**Asia-Pacific**: The logistics market is set to grow significantly, with a projected increase of USD 159.1 million from 2025 to 2029, driven by e-commerce expansion and sustainability efforts, despite facing challenges like infrastructure costs and labour shortages.
The logistics market in the Asia-Pacific (APAC) region is projected to see significant growth over the next few years, with a market size increase estimated at USD 159.1 million from 2025 to 2029, according to research firm Technavio. The market’s growth rate is expected to reach a compound annual growth rate (CAGR) of approximately 5.2% during this forecast period.
This expansion is being driven predominantly by rapid growth in the e-commerce sector and a shift towards sustainable practices in logistics. However, the industry also faces considerable challenges, chief among them being the rising costs associated with inadequate transportation infrastructure. It is reported that logistics costs in developing countries within the region can be up to three to four times higher than expected, mainly due to the reliance on poorly maintained road networks, with an alarming 75% of roads in less than optimal condition.

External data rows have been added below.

lemma cmatrix_mult_complexify:
  fixes f :: "real^'n \<Rightarrow> real^'n"
  assumes "linear f"
  shows "cmatrix f *v complexify x = complexify (f x)"
proof -
  have "(cmatrix f *v complexify x) $ i = complex_of_real ((matrix f *v x) $ i)" for i
    by (simp add: cmatrix_def complexify_def matrix_vector_mult_def)
  then show ?thesis
    using matrix_works[OF assms[unfolded linear_matrix_vector_mul_eq[symmetric]]]
    by (simp add: vec_eq_iff complexify_def)
qed

lemma mat_mult_vec: "mat (k::'a::comm_ring_1) *v v = k *s v"
  by (auto simp: vec_eq_iff matrix_vector_mult_def mat_def if_distrib [of "\<lambda>x. x * y" for y]
      cong: if_cong)

lemma matrix_mult_column: "(M ** P) $ i $ j = (M *v column j P) $ i"
  by (simp add: matrix_matrix_mult_def matrix_vector_mult_def column_def)

lemma invertible_column_nonzero:
  fixes P :: "'a::field^'n^'n"
  assumes "invertible P"
  shows "column j P \<noteq> 0"
proof
  assume col: "column j P = 0"
  obtain P' where P': "P' ** P = mat 1"
    using assms by (auto simp: invertible_def)
  have "P *v axis j 1 = column j P"
    by (simp add: vec_eq_iff matrix_vector_mult_def column_def axis_def if_distrib cong: if_cong)
  then have "P' *v (P *v axis j 1) = 0"
    using col by simp
  then have "axis j (1::'a) = 0"
    by (simp add: matrix_vector_mul_assoc P')
  then show False by (simp add: axis_eq_0_iff)
qed
(* Let $n\ge2$ be an integer, $\nu\in\{1,2,\dots,n\}$ and $N=2n+1$. Let $z_1,\dots,z_N$ be the roots of the polynomial \[s_n(z)+z^Ns_n(1/z),\qquad s_n(z):=\sum_{j=0}^q\frac{(-z^\nu)^j}{\nu^jj!},\qquad q:=\lfloor n/\nu\rfloor.\] Then all $z_k$ lie on the unit circle, the numbers $t_k:=\arg z_k\in[0,2\pi)$ are pairwise distinct, and for every trigonometric polynomial \[T_n(t)=\sum_{m=1}^n\tau_m(t),\qquad\tau_m(t)=a_m\cos mt+b_m\sin mt,\quad a_m,b_m\in\mathbb{R},\] the identity $\tau_\nu(t)\equiv\sum_{k=1}^NT_n(t-t_k)$ holds for all real $t$. *)

theory Defs
  imports "HOL-Analysis.Analysis" "HOL-Computational_Algebra.Polynomial"
begin

definition s_poly :: "nat \<Rightarrow> nat \<Rightarrow> complex poly" where
  "s_poly n \<nu> = (\<Sum>j\<le>n div \<nu>. smult ((-1)^j / (of_nat (\<nu>^j) * of_nat (fact j))) (monom 1 (\<nu>*j)))"

text \<open>z^N s_n(1/z) with N = 2n+1, written out (note nu*j \<le> n < N).\<close>
definition s_refl_poly :: "nat \<Rightarrow> nat \<Rightarrow> complex poly" where
  "s_refl_poly n \<nu> = (\<Sum>j\<le>n div \<nu>. smult ((-1)^j / (of_nat (\<nu>^j) * of_nat (fact j))) (monom 1 (2*n+1 - \<nu>*j)))"

definition P_poly :: "nat \<Rightarrow> nat \<Rightarrow> complex poly" where
  "P_poly n \<nu> = s_poly n \<nu> + s_refl_poly n \<nu>"

definition tau :: "(nat \<Rightarrow> real) \<Rightarrow> (nat \<Rightarrow> real) \<Rightarrow> nat \<Rightarrow> real \<Rightarrow> real" where
  "tau a b m t = a m * cos (real m * t) + b m * sin (real m * t)"

definition trig_T :: "(nat \<Rightarrow> real) \<Rightarrow> (nat \<Rightarrow> real) \<Rightarrow> nat \<Rightarrow> real \<Rightarrow> real" where
  "trig_T a b n t = (\<Sum>m=1..n. tau a b m t)"

end

theory Submission
  imports
    Defs
    "HOL-Computational_Algebra.Fundamental_Theorem_Algebra"
    "HOL-Computational_Algebra.Polynomial_FPS"
begin

(*
  The truncated exponential E_q(w) = sum_{j<=q} w^j / j! has no zeros in the closed unit disc
  for q >= 2: Re((1 - w) E_q(w)) is a nonnegative combination of the numbers 1 - Re(w^j), and
  these cannot all vanish unless w = 1. Hence s(z) = E_q(-z^nu / nu) has no zeros in the closed
  disc, and for such polynomials |z^N s(1/z)| <= |z|^(N - n) |s(z)| < |s(z)| inside the disc.
  So P = s + z^N s(1/z) has no zeros in the open disc, and by P(1/z) = P(z) / z^N none outside
  the closed disc. At a double zero a of P on the circle, P(a) = P'(a) = 0 forces
  Re(a s'(a) / s(a)) = N/2, whereas this quantity is at most deg(s)/2 <= n/2 for a polynomial
  without zeros in the open disc.

  Reversing P gives prod_k (1 - z_k X), which agrees with s, hence with exp(-X^nu / nu), up to
  degree n; Newton's identities turn this into sum_k z_k^m = [m = nu] for 1 <= m <= n. Since
  tau_m(t - t_k) = Re((a_m - i b_m) e^(imt) conj(z_k^m)), summing over k leaves tau_nu(t).
*)

section \<open>Truncated exponential series\<close>

definition exp_trunc :: "nat \<Rightarrow> complex \<Rightarrow> complex" where
  "exp_trunc q w = (\<Sum>j\<le>q. w ^ j / fact j)"
(* In the setting below, suppose $X_0$ is almost surely constant, $\mathbb{P}(A_1\ne a_1)>0$, and for some $s\in\{1,\dots,t\}$ we have $\mathbb{P}(X_s(A_{1:s})=x_s)=0$ for all $x_s\in\mathcal{X}_s$. Then measurable $\underline g,\overline g:\mathcal{X}_{0:t}\to\mathbb{R}$ are permissible bounds only if they are trivial, i.e. only if $\underline g(X_{0:t}(a_{1:t}))\le\underline y(X_{0:t}(a_{1:t}))$ and $\overline g(X_{0:t}(a_{1:t}))\ge\overline y(X_{0:t}(a_{1:t}))$ almost surely.
   Context: Horizon $T\ge1$, $\mathcal{X}_t=\mathbb{R}^{d_t}$, finite action spaces $\mathcal{A}_t$; potential outcomes $X_0$, $X_r(a'_{1:r})\in\mathcal{X}_r$, random actions $A_{1:T}$ ($A_r\in\mathcal{A}_r$), and real-valued potential outcomes $Y(a'_{1:t})$, all defined jointly; $X_{0:t}(a_{1:t})=(X_0,X_1(a_1),\dots,X_t(a_{1:t}))$, and quantities evaluated at $A$ denote the potential outcome indexed by the realized actions. Fix $t\in\{1,\dots,T\}$, $a_{1:t}\in\mathcal{A}_{1:t}$, and measurable $\underline y,\overline y:\mathcal{X}_{0:t}\to\mathbb{R}$ with $\underline y(X_{0:t}(a_{1:t}))\le Y(a_{1:t})\le\overline y(X_{0:t}(a_{1:t}))$ almost surely. A pair $\underline g,\overline g:\mathcal{X}_{0:t}\to\mathbb{R}$ is permissible if, for every family of potential outcomes and actions $(\tilde X_{0:T}(a'_{1:T}),\tilde Y(a'_{1:t}),\tilde A_{1:T}:a'_{1:T}\in\mathcal{A}_{1:T})$ with $\mathrm{Law}[\tilde X_{0:T}(\tilde A_{1:T}),\tilde A_{1:T},\tilde Y(\tilde A_{1:t})]=\mathrm{Law}[X_{0:T}(A_{1:T}),A_{1:T},Y(A_{1:t})]$ and $\underline y(\tilde X_{0:t}(a_{1:t}))\le\tilde Y(a_{1:t})\le\overline y(\tilde X_{0:t}(a_{1:t}))$ a.s., it holds that $\underline g(\tilde X_{0:t}(a_{1:t}))\le\mathbb{E}[\tilde Y(a_{1:t})\mid\tilde X_{0:t}(a_{1:t})]\le\overline g(\tilde X_{0:t}(a_{1:t}))$ almost surely. *)

theory Defs
  imports "HOL-Probability.Probability"
begin

text \<open>Outcome space X_r = R^(d r), rendered as extensional functions on the index set
  {..< d r} with the product Borel sigma-algebra.\<close>
definition XS :: "(nat \<Rightarrow> nat) \<Rightarrow> nat \<Rightarrow> (nat \<Rightarrow> real) measure" where
  "XS d r = PiM {..<d r} (\<lambda>_. (borel :: real measure))"

definition HX :: "(nat \<Rightarrow> nat) \<Rightarrow> nat \<Rightarrow> (nat \<Rightarrow> nat \<Rightarrow> real) measure" where
  "HX d t = PiM {..t} (\<lambda>r. XS d r)"

definition AS :: "(nat \<Rightarrow> 'act set) \<Rightarrow> nat \<Rightarrow> (nat \<Rightarrow> 'act) measure" where
  "AS Act r = PiM {1..r} (\<lambda>k. count_space (Act k))"

definition acts :: "(nat \<Rightarrow> 'w \<Rightarrow> 'act) \<Rightarrow> nat \<Rightarrow> 'w \<Rightarrow> (nat \<Rightarrow> 'act)" where
  "acts A r \<omega> = restrict (\<lambda>k. A k \<omega>) {1..r}"

definition histfix :: "(nat \<Rightarrow> (nat \<Rightarrow> 'act) \<Rightarrow> 'w \<Rightarrow> (nat \<Rightarrow> real)) \<Rightarrow> (nat \<Rightarrow> 'act) \<Rightarrow> nat
    \<Rightarrow> 'w \<Rightarrow> (nat \<Rightarrow> nat \<Rightarrow> real)" where
  "histfix X a t \<omega> = (\<lambda>r\<in>{..t}. X r (restrict a {1..r}) \<omega>)"
lemma p_psi_symplectic_fourier:
  "(\<Sum>y\<in>UNIV. (-1) ^ sympl x y * p_psi psi y) = 2 ^ CARD('n) * p_psi psi x"
  for x :: "'n::finite pauli_idx"
proof -
  obtain c d where x: "x = (d, c)"
    by fastforce
  have "(\<Sum>y\<in>UNIV. (-1) ^ sympl x y * p_psi psi y) =
          (\<Sum>a\<in>UNIV. \<Sum>b\<in>UNIV. (-1) ^ sympl x (a, b) * p_psi psi (a, b))"
    by (simp add: sum.cartesian_product)
  also have "\<dots> =
      (\<Sum>a\<in>UNIV. \<Sum>b\<in>UNIV. chi c a * chi d b * (expval (weyl (a, b)) psi)\<^sup>2) / 2 ^ CARD('n)"
    by (simp add: x sympl_sign p_psi_def sum_divide_distrib mult_ac)
  finally show ?thesis
    by (simp add: expval_weyl_sq_fourier p_psi_def x)
qed

lemma q_psi_eq_fourier:
  "q_psi psi a = (\<Sum>x\<in>UNIV. (-1) ^ sympl a x * (p_psi psi x)\<^sup>2)"
  for a :: "'n::finite pauli_idx"
proof -
  define N :: complex where "N = 2 ^ CARD('n)"
  have "N \<noteq> 0"
    unfolding N_def by simp
  then have inversion: "p_psi psi z = (\<Sum>x\<in>UNIV. (-1) ^ sympl z x * p_psi psi x) / N" for z
    by (simp add: p_psi_symplectic_fourier N_def)
  have fourier: "(\<Sum>y\<in>UNIV. (-1) ^ sympl y x * p_psi psi y) = N * p_psi psi x" for x
    by (simp add: sympl_commute[of _ x] p_psi_symplectic_fourier N_def)
  have "q_psi psi a =
          (\<Sum>y\<in>UNIV. \<Sum>x\<in>UNIV. p_psi psi y * ((-1) ^ sympl a x * (-1) ^ sympl y x * p_psi psi x) / N)"
    unfolding q_psi_def
    by (subst (2) inversion) (simp add: sympl_sign_f2_add sum_distrib_left sum_divide_distrib)
  also have "\<dots> = (\<Sum>x\<in>UNIV. (-1) ^ sympl a x * p_psi psi x *
                     (\<Sum>y\<in>UNIV. (-1) ^ sympl y x * p_psi psi y) / N)"
    by (subst sum.swap) (simp add: sum_distrib_left sum_divide_distrib mult_ac)
  also have "\<dots> = (\<Sum>x\<in>UNIV. (-1) ^ sympl a x * (p_psi psi x)\<^sup>2)"
    using \<open>N \<noteq> 0\<close> unfolding fourier by (simp add: power2_eq_square)
  finally show ?thesis .
qed

lemma sum_subspace_sympl_sign:
  assumes "is_subspace T"
  shows "(\<Sum>a\<in>T. (-1::complex) ^ sympl a x) = (if x \<in> sympl_perp T then of_nat (card T) else 0)"
proof (cases "x \<in> sympl_perp T")
  case True
  then show ?thesis
    by (simp add: sympl_perp_def)
next
  case False
  then obtain a0 where a0: "a0 \<in> T" "sympl a0 x = 1"
    unfolding sympl_perp_def sympl_def by auto
  have closed: "f2_add a a0 \<in> T" if "a \<in> T" for a
    using assms that a0(1) unfolding is_subspace_def by blast
  have involution: "f2_add (f2_add a a0) a0 = a" for a :: "'a pauli_idx"
    by (auto simp: f2_add_def prod_eq_iff fun_eq_iff)
  have "(\<Sum>a\<in>T. (-1::complex) ^ sympl a x) = (\<Sum>a\<in>T. (-1::complex) ^ sympl (f2_add a a0) x)"
    by (rule sum.reindex_bij_witness[where i="\<lambda>a. f2_add a a0" and j="\<lambda>a. f2_add a a0"])
       (auto simp: involution closed)
  also have "\<dots> = - (\<Sum>a\<in>T. (-1::complex) ^ sympl a x)"
    by (simp add: sympl_sign_f2_add a0(2) sum_negf)
  finally show ?thesis
    using False by simp
qed

theorem theorem3p2:
  fixes psi :: "('n::finite \<Rightarrow> bool) \<Rightarrow> complex"
    and T :: "'n pauli_idx set"
  assumes "pure_state psi"
    and "is_subspace T"
  shows "(\<Sum>a\<in>T. q_psi psi a) / of_nat (card T) = (\<Sum>x\<in>sympl_perp T. (p_psi psi x)^2)"
proof -
  have "(\<Sum>a\<in>T. q_psi psi a) = (\<Sum>x\<in>UNIV. (\<Sum>a\<in>T. (-1) ^ sympl a x) * (p_psi psi x)\<^sup>2)"
    unfolding q_psi_eq_fourier by (subst sum.swap) (simp add: sum_distrib_right)
  also have "\<dots> = (\<Sum>x\<in>UNIV. if x \<in> sympl_perp T then of_nat (card T) * (p_psi psi x)\<^sup>2 else 0)"
    by (intro sum.cong refl) (simp add: sum_subspace_sympl_sign[OF assms(2)])
  also have "\<dots> = of_nat (card T) * (\<Sum>x\<in>sympl_perp T. (p_psi psi x)\<^sup>2)"
    by (simp add: sum.If_cases sum_distrib_left)
  finally have "(\<Sum>a\<in>T. q_psi psi a) = of_nat (card T) * (\<Sum>x\<in>sympl_perp T. (p_psi psi x)\<^sup>2)" .
  moreover have "card T \<noteq> 0"
    using assms(2) unfolding is_subspace_def by (auto simp: card_eq_0_iff)
  ultimately show ?thesis
    by simp
qed

end
lemma vector_field_combination:
  assumes C: "smooth_algebra C" and "finite I"
    and x: "\<And>i. i \<in> I \<Longrightarrow> vector_field C (x i)" and c: "\<And>i. i \<in> I \<Longrightarrow> c i \<in> C"
  shows "vector_field C (\<lambda>f p. \<Sum>i\<in>I. c i p * x i f p)"
  unfolding vector_field_def
proof (intro conjI ballI allI)
  fix f assume "f \<in> C"
  then show "(\<lambda>p. \<Sum>i\<in>I. c i p * x i f p) \<in> C"
    using assms vector_field_mem[OF x] by (auto intro!: smooth_algebra_sum smooth_algebra_mult)
next
  fix r f g assume f: "f \<in> C" and g: "g \<in> C"
  have "c i p * x i (\<lambda>p. r * f p + g p) p = r * (c i p * x i f p) + c i p * x i g p"
    if "i \<in> I" for i p
    using vector_field_linear[OF x[OF that] f g] by (simp add: algebra_simps)
  then show "(\<lambda>p. \<Sum>i\<in>I. c i p * x i (\<lambda>p. r * f p + g p) p)
      = (\<lambda>p. r * (\<Sum>i\<in>I. c i p * x i f p) + (\<Sum>i\<in>I. c i p * x i g p))"
    by (simp add: sum.distrib sum_distrib_left)
next
  fix f g assume f: "f \<in> C" and g: "g \<in> C"
  have "c i p * x i (\<lambda>p. f p * g p) p = f p * (c i p * x i g p) + g p * (c i p * x i f p)"
    if "i \<in> I" for i p
    using vector_field_mult[OF x[OF that] f g] by (simp add: algebra_simps)
  then show "(\<lambda>p. \<Sum>i\<in>I. c i p * x i (\<lambda>p. f p * g p) p)
      = (\<lambda>p. f p * (\<Sum>i\<in>I. c i p * x i g p) + g p * (\<Sum>i\<in>I. c i p * x i f p))"
    by (simp add: sum.distrib sum_distrib_left)
qed

lemma covariant_diff_op_vector_field: "covariant_diff_op C G X xh \<Longrightarrow> vector_field C xh"
  by (simp add: covariant_diff_op_def)

lemma covariant_diff_op_mem: "covariant_diff_op C G X xh \<Longrightarrow> y \<in> G \<Longrightarrow> X y \<in> G"
  by (simp add: covariant_diff_op_def)

lemma covariant_diff_op_linear:
  "covariant_diff_op C G X xh \<Longrightarrow> y \<in> G \<Longrightarrow> z \<in> G \<Longrightarrow>
    X (\<lambda>p. c *\<^sub>R y p + z p) = (\<lambda>p. c *\<^sub>R X y p + X z p)"
  by (simp add: covariant_diff_op_def)

lemma covariant_diff_op_scaleR:
  "covariant_diff_op C G X xh \<Longrightarrow> f \<in> C \<Longrightarrow> y \<in> G \<Longrightarrow>
    X (\<lambda>p. f p *\<^sub>R y p) = (\<lambda>p. f p *\<^sub>R X y p + xh f p *\<^sub>R y p)"
  by (simp add: covariant_diff_op_def smul_def)

lemma sum_swap_reverse3: "(\<Sum>i\<in>I. \<Sum>j\<in>J. \<Sum>k\<in>K. f i j k) = (\<Sum>k\<in>K. \<Sum>j\<in>J. \<Sum>i\<in>I. f i j k)"
proof -
  have "(\<Sum>i\<in>I. \<Sum>j\<in>J. \<Sum>k\<in>K. f i j k) = (\<Sum>j\<in>J. \<Sum>i\<in>I. \<Sum>k\<in>K. f i j k)"
    by (rule sum.swap)
  also have "\<dots> = (\<Sum>j\<in>J. \<Sum>k\<in>K. \<Sum>i\<in>I. f i j k)"
    by (intro sum.cong refl sum.swap)
  also have "\<dots> = (\<Sum>k\<in>K. \<Sum>j\<in>J. \<Sum>i\<in>I. f i j k)"
    by (rule sum.swap)
  finally show ?thesis .
qed

lemma sum_structure_constants:
  fixes Y Z H :: "'i \<Rightarrow> 'a::comm_ring" and A :: "'i \<Rightarrow> 'i \<Rightarrow> 'i \<Rightarrow> 'a"
  shows "(\<Sum>j\<in>I. (\<Sum>i\<in>I. \<Sum>k\<in>I. (Z i * Y k - Y i * Z k) * A i k j) * H j)
    = (\<Sum>i\<in>I. \<Sum>j\<in>I. Y i * Z j * (\<Sum>k\<in>I. (A j i k - A i j k) * H k))"
proof -
  have "(\<Sum>j\<in>I. (\<Sum>i\<in>I. \<Sum>k\<in>I. (Z i * Y k - Y i * Z k) * A i k j) * H j)
      = (\<Sum>j\<in>I. \<Sum>i\<in>I. \<Sum>k\<in>I. Z i * Y k * A i k j * H j)
        - (\<Sum>j\<in>I. \<Sum>i\<in>I. \<Sum>k\<in>I. Y i * Z k * A i k j * H j)"
    by (simp add: sum_distrib_right sum_subtractf left_diff_distrib)
  also have "(\<Sum>j\<in>I. \<Sum>i\<in>I. \<Sum>k\<in>I. Z i * Y k * A i k j * H j)
      = (\<Sum>i\<in>I. \<Sum>j\<in>I. \<Sum>k\<in>I. Y i * Z j * A j i k * H k)"
    by (subst sum_swap_reverse3) (simp add: ac_simps)
  also have "(\<Sum>j\<in>I. \<Sum>i\<in>I. \<Sum>k\<in>I. Y i * Z k * A i k j * H j)
      = (\<Sum>i\<in>I. \<Sum>j\<in>I. \<Sum>k\<in>I. Y i * Z j * A i j k * H k)"
    by (subst sum.swap) (intro sum.cong refl sum.swap)
  also have "(\<Sum>i\<in>I. \<Sum>j\<in>I. \<Sum>k\<in>I. Y i * Z j * A j i k * H k)
      - (\<Sum>i\<in>I. \<Sum>j\<in>I. \<Sum>k\<in>I. Y i * Z j * A i j k * H k)
      = (\<Sum>i\<in>I. \<Sum>j\<in>I. Y i * Z j * (\<Sum>k\<in>I. (A j i k - A i j k) * H k))"
    by (simp add: sum_distrib_left sum_subtractf left_diff_distrib right_diff_distrib ac_simps)
  finally show ?thesis .
qed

APAC is a critical region for logistics, contributing around 9% of global carbon dioxide emissions from freight and logistics. In response, many logistics firms are adopting greener practices. For example, Deutsche Post DHL Group is focusing on sustainability through innovations such as their electric delivery vehicle, the StreetScooter, and a significant infrastructure project in Kolkata, India, which aims to improve transportation efficiency with a USD 105 million investment.
The research highlights the importance of technological advancements in the industry. The adoption of Internet of Things (IoT) and blockchain technology is enabling real-time tracking and secure data sharing, which are essential for managing complex supply chains. In addition, many logistics players are shifting towards third-party logistics (3PL) and fourth-party logistics (4PL) services to enhance supply chain visibility and operational efficiency.
Consumer demands, particularly from the booming e-commerce sector, are also influencing market dynamics. There is a notable push for increased investment in container ports and commercial motor vehicles to accommodate rising mobility demand. However, the report points out that logistics companies are bracing for challenges posed by ongoing labor shortages and shifts toward digital sales, necessitating a re-evaluation of existing infrastructure.
The APAC logistics market is described as fragmented, with key players including Agility Public Warehousing Co. K.S.C.P, FedEx Corp., and DSV AS, among others. These companies are actively competing to bolster their positions in a rapidly evolving landscape defined by increased technological integration and sustainability efforts.
The findings from Technavio underline the complex interplay between growth opportunities and challenges within the APAC logistics market, indicating that while the future may hold promising developments, significant hurdles remain to be addressed for sustained growth.